Records to process ▸
------------------------------------------------------------
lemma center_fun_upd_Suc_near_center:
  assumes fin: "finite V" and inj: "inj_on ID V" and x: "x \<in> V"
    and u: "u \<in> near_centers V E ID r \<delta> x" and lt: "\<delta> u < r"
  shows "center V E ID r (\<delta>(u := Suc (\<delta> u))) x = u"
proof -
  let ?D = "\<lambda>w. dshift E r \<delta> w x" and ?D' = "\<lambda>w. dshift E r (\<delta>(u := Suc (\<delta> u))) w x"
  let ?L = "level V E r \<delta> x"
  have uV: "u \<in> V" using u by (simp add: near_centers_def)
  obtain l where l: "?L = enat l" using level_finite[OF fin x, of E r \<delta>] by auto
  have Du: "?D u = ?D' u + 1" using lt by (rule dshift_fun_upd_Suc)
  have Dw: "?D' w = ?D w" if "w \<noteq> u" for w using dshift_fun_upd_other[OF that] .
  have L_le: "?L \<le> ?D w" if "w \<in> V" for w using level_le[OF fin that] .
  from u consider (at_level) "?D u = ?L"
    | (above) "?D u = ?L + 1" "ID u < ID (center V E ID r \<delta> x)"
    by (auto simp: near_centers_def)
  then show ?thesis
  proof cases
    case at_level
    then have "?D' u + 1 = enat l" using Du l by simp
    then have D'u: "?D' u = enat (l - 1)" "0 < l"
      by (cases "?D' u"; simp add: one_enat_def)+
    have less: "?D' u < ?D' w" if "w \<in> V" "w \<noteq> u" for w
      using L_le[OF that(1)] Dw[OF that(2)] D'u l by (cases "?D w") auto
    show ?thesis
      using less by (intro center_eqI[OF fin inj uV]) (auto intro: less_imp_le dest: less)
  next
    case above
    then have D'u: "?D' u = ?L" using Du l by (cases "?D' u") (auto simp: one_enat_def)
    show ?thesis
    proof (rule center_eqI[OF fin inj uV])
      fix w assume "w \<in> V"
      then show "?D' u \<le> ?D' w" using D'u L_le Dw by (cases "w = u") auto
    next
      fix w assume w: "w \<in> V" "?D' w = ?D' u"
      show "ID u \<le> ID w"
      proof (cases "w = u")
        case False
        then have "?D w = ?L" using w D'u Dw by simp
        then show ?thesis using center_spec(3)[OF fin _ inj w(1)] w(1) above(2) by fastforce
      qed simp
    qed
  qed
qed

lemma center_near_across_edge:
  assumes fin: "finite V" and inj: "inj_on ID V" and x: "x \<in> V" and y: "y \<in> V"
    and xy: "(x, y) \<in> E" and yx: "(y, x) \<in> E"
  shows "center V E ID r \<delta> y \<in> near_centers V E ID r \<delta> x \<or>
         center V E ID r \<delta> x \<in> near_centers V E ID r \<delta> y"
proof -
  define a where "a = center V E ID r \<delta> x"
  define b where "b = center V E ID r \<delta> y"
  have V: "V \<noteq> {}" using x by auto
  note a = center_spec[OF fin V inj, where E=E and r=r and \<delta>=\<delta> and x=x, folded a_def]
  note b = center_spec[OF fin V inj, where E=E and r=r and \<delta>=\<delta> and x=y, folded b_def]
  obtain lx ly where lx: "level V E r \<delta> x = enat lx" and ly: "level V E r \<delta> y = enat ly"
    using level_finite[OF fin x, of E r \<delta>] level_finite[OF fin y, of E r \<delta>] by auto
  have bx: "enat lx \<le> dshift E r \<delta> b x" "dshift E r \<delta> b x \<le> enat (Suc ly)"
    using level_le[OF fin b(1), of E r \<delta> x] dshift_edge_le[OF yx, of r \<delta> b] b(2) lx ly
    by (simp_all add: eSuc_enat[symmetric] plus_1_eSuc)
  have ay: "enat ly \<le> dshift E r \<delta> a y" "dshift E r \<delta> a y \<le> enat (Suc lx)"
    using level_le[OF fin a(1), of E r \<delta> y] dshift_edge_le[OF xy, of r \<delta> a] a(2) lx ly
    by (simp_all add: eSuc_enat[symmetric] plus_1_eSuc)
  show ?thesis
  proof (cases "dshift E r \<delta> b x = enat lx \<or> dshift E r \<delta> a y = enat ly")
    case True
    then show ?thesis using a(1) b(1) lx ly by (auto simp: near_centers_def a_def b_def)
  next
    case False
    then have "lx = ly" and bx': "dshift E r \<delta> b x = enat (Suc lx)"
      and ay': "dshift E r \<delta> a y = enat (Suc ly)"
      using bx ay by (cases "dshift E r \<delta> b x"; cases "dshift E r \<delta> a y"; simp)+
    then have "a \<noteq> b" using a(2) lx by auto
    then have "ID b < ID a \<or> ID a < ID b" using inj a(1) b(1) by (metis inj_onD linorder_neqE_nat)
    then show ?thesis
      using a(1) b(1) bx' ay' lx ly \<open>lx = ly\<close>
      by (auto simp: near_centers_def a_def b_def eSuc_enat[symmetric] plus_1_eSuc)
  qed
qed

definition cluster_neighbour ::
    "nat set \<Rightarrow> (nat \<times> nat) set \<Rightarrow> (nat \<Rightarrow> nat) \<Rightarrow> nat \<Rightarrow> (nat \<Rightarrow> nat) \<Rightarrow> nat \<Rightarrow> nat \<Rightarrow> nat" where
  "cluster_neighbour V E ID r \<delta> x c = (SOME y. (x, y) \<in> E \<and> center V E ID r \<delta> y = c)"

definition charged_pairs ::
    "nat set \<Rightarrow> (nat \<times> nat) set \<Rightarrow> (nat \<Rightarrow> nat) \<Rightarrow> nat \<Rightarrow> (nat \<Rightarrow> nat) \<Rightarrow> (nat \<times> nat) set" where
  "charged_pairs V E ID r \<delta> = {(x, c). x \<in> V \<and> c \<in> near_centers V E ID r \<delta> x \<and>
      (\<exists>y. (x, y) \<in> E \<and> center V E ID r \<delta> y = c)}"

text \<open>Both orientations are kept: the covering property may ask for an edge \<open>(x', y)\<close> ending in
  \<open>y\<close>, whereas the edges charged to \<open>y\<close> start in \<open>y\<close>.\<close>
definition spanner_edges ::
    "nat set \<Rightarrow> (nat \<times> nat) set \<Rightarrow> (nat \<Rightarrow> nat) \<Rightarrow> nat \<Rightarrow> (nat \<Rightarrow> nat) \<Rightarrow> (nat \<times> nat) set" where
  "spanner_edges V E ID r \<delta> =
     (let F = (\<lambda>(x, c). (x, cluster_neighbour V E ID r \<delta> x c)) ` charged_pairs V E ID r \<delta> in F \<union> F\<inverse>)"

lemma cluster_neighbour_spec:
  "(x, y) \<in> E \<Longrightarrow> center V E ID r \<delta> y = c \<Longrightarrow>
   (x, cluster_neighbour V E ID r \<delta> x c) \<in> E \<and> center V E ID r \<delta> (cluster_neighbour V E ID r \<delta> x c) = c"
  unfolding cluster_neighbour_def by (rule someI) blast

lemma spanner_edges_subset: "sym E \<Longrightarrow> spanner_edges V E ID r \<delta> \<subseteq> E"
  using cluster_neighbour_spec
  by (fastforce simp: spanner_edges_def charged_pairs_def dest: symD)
------------------------------------------------------------
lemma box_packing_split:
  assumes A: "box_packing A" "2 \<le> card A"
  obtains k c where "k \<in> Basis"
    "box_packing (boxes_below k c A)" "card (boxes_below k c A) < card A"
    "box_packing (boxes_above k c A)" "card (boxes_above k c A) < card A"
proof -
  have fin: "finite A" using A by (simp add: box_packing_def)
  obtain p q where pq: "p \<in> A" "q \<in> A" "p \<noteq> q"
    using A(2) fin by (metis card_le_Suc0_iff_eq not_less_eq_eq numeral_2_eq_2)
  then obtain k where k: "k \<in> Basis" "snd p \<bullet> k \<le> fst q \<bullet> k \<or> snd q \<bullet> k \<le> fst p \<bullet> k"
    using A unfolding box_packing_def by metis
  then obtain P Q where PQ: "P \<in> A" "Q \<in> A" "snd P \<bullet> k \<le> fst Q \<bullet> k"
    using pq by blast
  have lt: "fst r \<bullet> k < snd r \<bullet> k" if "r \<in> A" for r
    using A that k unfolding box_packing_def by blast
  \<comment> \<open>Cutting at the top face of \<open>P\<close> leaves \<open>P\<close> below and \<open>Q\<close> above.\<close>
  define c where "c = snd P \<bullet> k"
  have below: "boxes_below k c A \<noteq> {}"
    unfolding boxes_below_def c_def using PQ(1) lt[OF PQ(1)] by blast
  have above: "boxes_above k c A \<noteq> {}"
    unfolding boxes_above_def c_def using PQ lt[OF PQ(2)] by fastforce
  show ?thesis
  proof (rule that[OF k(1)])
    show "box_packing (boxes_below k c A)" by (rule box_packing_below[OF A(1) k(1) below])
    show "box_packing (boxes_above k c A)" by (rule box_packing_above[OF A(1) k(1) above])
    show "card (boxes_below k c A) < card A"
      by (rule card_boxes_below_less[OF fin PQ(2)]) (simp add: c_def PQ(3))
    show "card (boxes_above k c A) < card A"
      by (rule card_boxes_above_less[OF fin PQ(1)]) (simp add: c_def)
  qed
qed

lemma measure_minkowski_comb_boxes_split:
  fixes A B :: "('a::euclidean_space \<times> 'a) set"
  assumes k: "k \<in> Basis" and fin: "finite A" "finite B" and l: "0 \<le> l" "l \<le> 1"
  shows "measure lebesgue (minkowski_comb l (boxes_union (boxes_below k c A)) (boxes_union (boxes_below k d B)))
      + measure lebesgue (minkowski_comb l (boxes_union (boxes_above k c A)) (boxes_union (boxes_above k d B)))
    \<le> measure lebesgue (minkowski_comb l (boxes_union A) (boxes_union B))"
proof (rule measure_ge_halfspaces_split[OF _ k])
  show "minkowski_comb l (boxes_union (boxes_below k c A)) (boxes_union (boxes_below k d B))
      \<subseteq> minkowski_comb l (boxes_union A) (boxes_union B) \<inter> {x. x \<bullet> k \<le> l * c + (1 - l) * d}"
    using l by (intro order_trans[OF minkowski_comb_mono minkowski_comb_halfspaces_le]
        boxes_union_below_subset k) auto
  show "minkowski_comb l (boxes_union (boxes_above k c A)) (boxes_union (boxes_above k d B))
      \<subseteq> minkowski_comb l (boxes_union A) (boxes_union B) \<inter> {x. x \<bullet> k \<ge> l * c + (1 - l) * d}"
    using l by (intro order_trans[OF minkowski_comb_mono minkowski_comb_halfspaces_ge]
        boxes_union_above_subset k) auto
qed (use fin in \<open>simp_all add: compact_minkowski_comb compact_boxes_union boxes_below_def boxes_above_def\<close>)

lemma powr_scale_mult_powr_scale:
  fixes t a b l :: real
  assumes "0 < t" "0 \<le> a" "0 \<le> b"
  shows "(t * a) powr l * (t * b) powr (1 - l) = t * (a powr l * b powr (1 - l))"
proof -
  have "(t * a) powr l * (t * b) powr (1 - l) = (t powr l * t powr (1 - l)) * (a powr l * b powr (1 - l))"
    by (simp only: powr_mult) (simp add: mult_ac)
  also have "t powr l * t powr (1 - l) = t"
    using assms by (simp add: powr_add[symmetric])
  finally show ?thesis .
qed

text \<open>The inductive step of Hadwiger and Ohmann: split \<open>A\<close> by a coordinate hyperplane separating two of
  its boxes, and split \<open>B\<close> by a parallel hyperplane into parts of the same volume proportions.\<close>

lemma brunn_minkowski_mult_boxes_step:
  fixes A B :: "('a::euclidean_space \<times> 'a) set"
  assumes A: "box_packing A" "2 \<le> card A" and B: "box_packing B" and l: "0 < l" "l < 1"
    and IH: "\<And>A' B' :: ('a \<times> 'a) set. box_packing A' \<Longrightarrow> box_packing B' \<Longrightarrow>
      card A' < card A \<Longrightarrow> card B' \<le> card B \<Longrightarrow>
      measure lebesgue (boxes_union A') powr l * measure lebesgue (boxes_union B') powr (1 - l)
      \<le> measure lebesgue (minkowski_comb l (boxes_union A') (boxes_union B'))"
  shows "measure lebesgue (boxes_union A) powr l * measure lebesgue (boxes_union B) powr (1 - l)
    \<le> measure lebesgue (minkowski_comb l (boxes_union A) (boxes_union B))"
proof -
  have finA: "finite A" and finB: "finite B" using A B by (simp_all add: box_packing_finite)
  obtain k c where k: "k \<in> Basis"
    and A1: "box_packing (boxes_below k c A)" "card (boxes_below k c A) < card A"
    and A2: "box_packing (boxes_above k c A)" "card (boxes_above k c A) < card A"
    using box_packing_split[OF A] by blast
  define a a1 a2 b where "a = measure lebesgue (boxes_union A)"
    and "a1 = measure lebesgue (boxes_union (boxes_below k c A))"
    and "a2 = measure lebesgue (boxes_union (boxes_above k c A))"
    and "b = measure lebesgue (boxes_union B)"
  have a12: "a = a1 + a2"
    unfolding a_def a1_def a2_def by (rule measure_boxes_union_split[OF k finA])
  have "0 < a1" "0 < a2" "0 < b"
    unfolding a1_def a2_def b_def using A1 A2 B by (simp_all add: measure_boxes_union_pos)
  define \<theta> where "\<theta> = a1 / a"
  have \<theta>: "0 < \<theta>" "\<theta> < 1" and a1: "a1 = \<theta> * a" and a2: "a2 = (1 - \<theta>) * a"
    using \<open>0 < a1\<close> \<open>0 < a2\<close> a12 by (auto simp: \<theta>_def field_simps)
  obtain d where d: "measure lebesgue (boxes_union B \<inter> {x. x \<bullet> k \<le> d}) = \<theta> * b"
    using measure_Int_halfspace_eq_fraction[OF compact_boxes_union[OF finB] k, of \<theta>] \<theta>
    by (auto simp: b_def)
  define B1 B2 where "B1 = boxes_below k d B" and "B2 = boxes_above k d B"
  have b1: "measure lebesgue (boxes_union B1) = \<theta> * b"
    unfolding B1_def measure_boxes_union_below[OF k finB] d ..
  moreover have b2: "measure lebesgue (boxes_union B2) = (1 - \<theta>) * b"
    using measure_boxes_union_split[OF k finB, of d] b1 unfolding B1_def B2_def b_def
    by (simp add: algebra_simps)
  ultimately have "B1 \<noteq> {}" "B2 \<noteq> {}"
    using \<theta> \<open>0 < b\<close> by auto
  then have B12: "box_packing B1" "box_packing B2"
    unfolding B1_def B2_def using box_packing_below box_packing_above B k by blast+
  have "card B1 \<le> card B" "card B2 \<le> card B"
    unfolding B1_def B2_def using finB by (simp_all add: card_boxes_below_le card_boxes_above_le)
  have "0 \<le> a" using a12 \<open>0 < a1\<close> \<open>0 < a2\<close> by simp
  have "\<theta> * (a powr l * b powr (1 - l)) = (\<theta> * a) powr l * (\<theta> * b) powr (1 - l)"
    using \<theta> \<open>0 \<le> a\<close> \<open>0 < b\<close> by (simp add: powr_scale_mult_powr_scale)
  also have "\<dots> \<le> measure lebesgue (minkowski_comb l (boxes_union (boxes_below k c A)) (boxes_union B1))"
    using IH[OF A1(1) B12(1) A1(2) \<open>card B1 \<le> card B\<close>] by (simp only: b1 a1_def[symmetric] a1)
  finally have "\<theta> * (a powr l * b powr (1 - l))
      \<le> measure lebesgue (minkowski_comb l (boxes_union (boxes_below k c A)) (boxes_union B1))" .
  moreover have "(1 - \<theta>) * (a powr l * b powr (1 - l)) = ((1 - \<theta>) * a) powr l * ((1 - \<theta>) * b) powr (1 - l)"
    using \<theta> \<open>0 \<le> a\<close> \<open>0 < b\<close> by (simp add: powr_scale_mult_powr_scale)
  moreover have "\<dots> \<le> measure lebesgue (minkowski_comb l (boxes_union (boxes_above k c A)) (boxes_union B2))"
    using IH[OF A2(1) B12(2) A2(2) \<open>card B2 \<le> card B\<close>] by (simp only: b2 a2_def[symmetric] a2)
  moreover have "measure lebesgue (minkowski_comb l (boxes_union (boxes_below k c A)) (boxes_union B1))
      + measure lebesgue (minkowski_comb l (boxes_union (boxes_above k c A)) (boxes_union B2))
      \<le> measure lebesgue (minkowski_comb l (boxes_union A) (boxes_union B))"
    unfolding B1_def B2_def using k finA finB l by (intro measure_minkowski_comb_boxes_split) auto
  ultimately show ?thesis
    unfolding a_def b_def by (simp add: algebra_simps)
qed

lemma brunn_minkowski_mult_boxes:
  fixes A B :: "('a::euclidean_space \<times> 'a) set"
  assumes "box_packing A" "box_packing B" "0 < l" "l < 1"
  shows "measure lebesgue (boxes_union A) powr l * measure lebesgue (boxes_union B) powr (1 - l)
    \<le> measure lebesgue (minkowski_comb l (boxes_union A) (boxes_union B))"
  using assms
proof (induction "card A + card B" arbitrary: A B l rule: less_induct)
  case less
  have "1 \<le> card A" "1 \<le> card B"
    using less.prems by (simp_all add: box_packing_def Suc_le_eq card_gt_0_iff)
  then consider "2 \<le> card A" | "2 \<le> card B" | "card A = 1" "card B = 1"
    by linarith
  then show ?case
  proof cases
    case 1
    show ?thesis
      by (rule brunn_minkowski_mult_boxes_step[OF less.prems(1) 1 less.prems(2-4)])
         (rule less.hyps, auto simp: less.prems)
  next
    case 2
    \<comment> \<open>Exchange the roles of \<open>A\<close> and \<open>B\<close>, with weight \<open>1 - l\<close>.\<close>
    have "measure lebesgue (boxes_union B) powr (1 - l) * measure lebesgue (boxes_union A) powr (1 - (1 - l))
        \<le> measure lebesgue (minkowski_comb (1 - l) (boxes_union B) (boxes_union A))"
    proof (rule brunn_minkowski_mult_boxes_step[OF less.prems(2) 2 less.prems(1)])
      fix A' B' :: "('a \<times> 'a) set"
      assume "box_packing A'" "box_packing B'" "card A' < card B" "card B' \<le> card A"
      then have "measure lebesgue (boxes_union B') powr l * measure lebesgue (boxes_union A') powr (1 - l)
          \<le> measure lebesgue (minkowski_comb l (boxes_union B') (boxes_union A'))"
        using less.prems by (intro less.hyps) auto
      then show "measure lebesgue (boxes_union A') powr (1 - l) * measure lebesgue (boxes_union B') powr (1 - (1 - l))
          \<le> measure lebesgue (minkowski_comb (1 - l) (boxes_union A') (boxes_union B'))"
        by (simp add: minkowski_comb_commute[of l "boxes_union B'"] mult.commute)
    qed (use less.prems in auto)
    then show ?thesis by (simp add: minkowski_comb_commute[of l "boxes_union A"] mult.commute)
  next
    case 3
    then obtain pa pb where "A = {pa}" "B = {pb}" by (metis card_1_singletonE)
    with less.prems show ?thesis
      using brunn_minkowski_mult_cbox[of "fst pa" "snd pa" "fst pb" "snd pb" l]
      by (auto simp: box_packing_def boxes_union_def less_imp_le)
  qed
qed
------------------------------------------------------------
Problem description ▸ Return only the number of lines in the material with the word "define" in them.

Exercise solution ▸ 6